The difference is how we generate features (predictions) for the next level:

stacking: perform cross-validation procedure and predict each part of train set (OOF)
blending: predict fixed holdout set

vecstack package supports only stacking i.e. cross-validation approach. For given random_state value (e.g. 42) folds (splits) will be the same across all estimators. See also Q30.

13. How to optimize weights for weighted average?

You can use for example:

scipy.optimize.minimize
scipy.optimize.differential_evolution

14. What is better: weighted average for current level or additional level?
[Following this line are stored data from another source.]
lemma abs_volterra_iterate_le_majorant:
  assumes c: "integrable S1 c" and cb: "AE t in S1. \<bar>c t\<bar> \<le> L" and L: "L \<ge> 0"
    and w: "continuous_on {-pi..pi} w" and wb: "\<And>t. t \<in> {-pi..pi} \<Longrightarrow> \<bar>w t\<bar> \<le> K0"
    and x: "x \<in> {-pi..pi}"
  shows "\<bar>(volterra c ^^ n) w x\<bar> \<le> neumann_majorant K0 L n"
proof -
  have K0: "K0 \<ge> 0" using wb[of 0] by (smt (verit) atLeastAtMost_iff pi_ge_zero)
  have a: "\<bar>(volterra c ^^ n) w x\<bar> \<le> (K0 * L^n) * (x+pi)^(2*n) / fact (2*n)"
    by (rule abs_volterra_iterate_le[OF c cb L w wb x])
  have "(x+pi)^(2*n) \<le> (2*pi)^(2*n)" using x by (intro power_mono) auto
  also have "\<dots> = ((2*pi)^2)^n" by (simp add: power_mult)
  finally have b: "(x+pi)^(2*n) \<le> ((2*pi)^2)^n" .
  have f: "fact n \<le> (fact (2*n) :: real)" by (intro fact_mono) auto
  have "(K0 * L^n) * (x+pi)^(2*n) / fact (2*n) \<le> (K0 * L^n) * ((2*pi)^2)^n / fact (2*n)"
    using b K0 L x by (intro divide_right_mono mult_left_mono) auto
  also have "\<dots> \<le> (K0 * L^n) * ((2*pi)^2)^n / fact n"
    using f K0 L by (intro divide_left_mono) (auto intro: mult_pos_pos)
  also have "\<dots> = neumann_majorant K0 L n" unfolding neumann_majorant_def by (simp add: power_mult_distrib)
  finally show ?thesis using a by simp
qed

definition neumann_series :: "(real \<Rightarrow> real) \<Rightarrow> (real \<Rightarrow> real) \<Rightarrow> real \<Rightarrow> real" where
  "neumann_series c w x = (\<Sum>n. (volterra c ^^ n) w x)"

lemma summable_neumann_series:
  assumes c: "integrable S1 c" and cb: "AE t in S1. \<bar>c t\<bar> \<le> L" and L: "L \<ge> 0"
    and w: "continuous_on {-pi..pi} w" and x: "x \<in> {-pi..pi}"
  shows "summable (\<lambda>n. (volterra c ^^ n) w x)"
proof -
  obtain K0 where wb: "\<And>t. t \<in> {-pi..pi} \<Longrightarrow> \<bar>w t\<bar> \<le> K0" using continuous_on_S1_bounded[OF w] by blast
  show ?thesis
    by (rule summable_comparison_test[OF _ summable_neumann_majorant[of K0 L]])
       (use abs_volterra_iterate_le_majorant[OF c cb L w wb x] in auto)
qed

lemma continuous_on_neumann_series:
  assumes c: "integrable S1 c" and cb: "AE t in S1. \<bar>c t\<bar> \<le> L" and L: "L \<ge> 0"
    and w: "continuous_on {-pi..pi} w"
  shows "continuous_on {-pi..pi} (neumann_series c w)"
proof -
  obtain K0 where wb: "\<And>t. t \<in> {-pi..pi} \<Longrightarrow> \<bar>w t\<bar> \<le> K0" using continuous_on_S1_bounded[OF w] by blast
  have ul: "uniform_limit {-pi..pi} (\<lambda>n x. \<Sum>i<n. (volterra c ^^ i) w x) (neumann_series c w) sequentially"
    unfolding neumann_series_def
    by (rule Weierstrass_m_test[OF _ summable_neumann_majorant[of K0 L]]) (use abs_volterra_iterate_le_majorant[OF c cb L w wb] in auto)
  show ?thesis
    by (rule uniform_limit_theorem[OF _ ul])
       (auto intro!: always_eventually continuous_on_sum continuous_on_volterra_iterate[OF c w])
qed

lemma primitive_suminf:
  fixes f :: "nat \<Rightarrow> real \<Rightarrow> real"
  assumes fi: "\<And>n. integrable S1 (f n)" and fb: "\<And>n. AE t in S1. \<bar>f n t\<bar> \<le> M n"
    and M: "summable M" and x: "x \<in> {-pi..pi}"
  shows "integrable S1 (\<lambda>t. \<Sum>n. f n t)" "primitive (\<lambda>t. \<Sum>n. f n t) x = (\<Sum>n. primitive (f n) x)"
proof -
  have fm[measurable]: "f n \<in> borel_measurable S1" for n using fi by simp
  have sn: "AE t in S1. summable (\<lambda>n. norm (f n t))"
  proof -
    have "AE t in S1. \<forall>n. \<bar>f n t\<bar> \<le> M n" using fb by (simp add: AE_all_countable)
    thus ?thesis by (elim eventually_mono) (auto intro: summable_comparison_test[OF _ M])
  qed
  have si: "summable (\<lambda>n. \<integral>t. norm (f n t) \<partial>S1)"
  proof (rule summable_comparison_test[OF _ summable_mult[OF M, of "2*pi"]])
    show "\<exists>N. \<forall>n\<ge>N. norm (\<integral>t. norm (f n t) \<partial>S1) \<le> 2*pi * M n"
    proof (intro exI allI impI)
      fix n
      have "(\<integral>t. norm (f n t) \<partial>S1) \<le> (\<integral>t. M n \<partial>S1)"
        using fi fb[of n] by (intro integral_mono_AE) auto
      thus "norm (\<integral>t. norm (f n t) \<partial>S1) \<le> 2*pi * M n" by simp
    qed
  qed
  show I: "integrable S1 (\<lambda>t. \<Sum>n. f n t)" by (rule integrable_suminf[OF fi sn si])
  define g where "g = (\<lambda>n t. indicator {..x} t * f n t)"
  have gi: "integrable S1 (g n)" for n unfolding g_def by (rule integrable_S1_indicator_mult[OF fi])
  have gsn: "AE t in S1. summable (\<lambda>n. norm (g n t))"
    using sn by (elim eventually_mono) (auto simp: g_def indicator_def)
  have gsi: "summable (\<lambda>n. \<integral>t. norm (g n t) \<partial>S1)"
  proof (rule summable_comparison_test[OF _ si])
    show "\<exists>N. \<forall>n\<ge>N. norm (\<integral>t. norm (g n t) \<partial>S1) \<le> (\<integral>t. norm (f n t) \<partial>S1)"
    proof (intro exI allI impI)
      fix n
      have "(\<integral>t. norm (g n t) \<partial>S1) \<le> (\<integral>t. norm (f n t) \<partial>S1)"
        using gi fi by (intro integral_mono) (auto simp: g_def indicator_def)
      thus "norm (\<integral>t. norm (g n t) \<partial>S1) \<le> (\<integral>t. norm (f n t) \<partial>S1)" by simp
    qed
  qed
  have "primitive (\<lambda>t. \<Sum>n. f n t) x = (\<integral>t. indicator {..x} t * (\<Sum>n. f n t) \<partial>S1)"
    by (rule primitive_eq_integral_indicator[OF I x])
  also have "\<dots> = (\<integral>t. (\<Sum>n. g n t) \<partial>S1)"
  proof (rule integral_cong_AE)
    show "AE t in S1. indicator {..x} t * (\<Sum>n. f n t) = (\<Sum>n. g n t)"
      using sn by (elim eventually_mono) (auto simp: g_def suminf_mult summable_norm_cancel)
  qed (use I integrable_suminf[OF gi gsn gsi] in auto)
  also have "\<dots> = (\<Sum>n. \<integral>t. g n t \<partial>S1)" by (rule integral_suminf[OF gi gsn gsi])
  also have "\<dots> = (\<Sum>n. primitive (f n) x)" unfolding g_def using primitive_eq_integral_indicator[OF fi x] by simp
  finally show "primitive (\<lambda>t. \<Sum>n. f n t) x = (\<Sum>n. primitive (f n) x)" .
qed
By default you can start from weighted average. It is easier to apply and more chances that it will give good result. Then you can try additional level which potentially can outperform weighted average (but not always and not in an easy way). Experiment is your friend.

15. What is bagging? How is it related to stacking?

Bagging or Bootstrap aggregating works as follows: generate subsets of training set, train models on these subsets and then find average of predictions.
Also term bagging is often used to describe following approaches:

train several different models on the same data and average predictions
train same model with different random seeds on the same data and average predictions

So if we run stacking and just average predictions - it is bagging.

16. How many models should I use on a given stacking level?

Note 1: The best architecture can be found only by experiment.
Note 2: Always remember that higher number of levels or models does NOT guarantee better result. The key to success in stacking (and ensembling in general) is diversity - low correlation between models.

It depends on many factors like type of problem, type of data, quality of models, correlation of models, expected result, etc.
Some example configurations are listed below.

Reasonable starting point:
- L1: 2-10 models -> L2: weighted (rank) average or single model
Then try to add more 1st level models and additional level:
- L1: 10-50 models -> L2: 2-10 models -> L3: weighted (rank) average
If you're crunching numbers at Kaggle and decided to go wild:
- L1: 100-inf models -> L2: 10-50 models -> L3: 2-10 models -> L4: weighted (rank) average

You can also find some winning stacking architectures on Kaggle blog, e.g.: 1st place in Homesite Quote Conversion.

17. How many stacking levels should I use?

For some example configurations see Q16.

18. How do I choose models for stacking?

Based on experiments and correlation (e.g. Pearson). Less correlated models give better result. It means that we should never judge our models by accuracy only. We should also consider correlation (how given model is different from others). Sometimes inaccurate but very different model can add substantial value to resulting ensemble.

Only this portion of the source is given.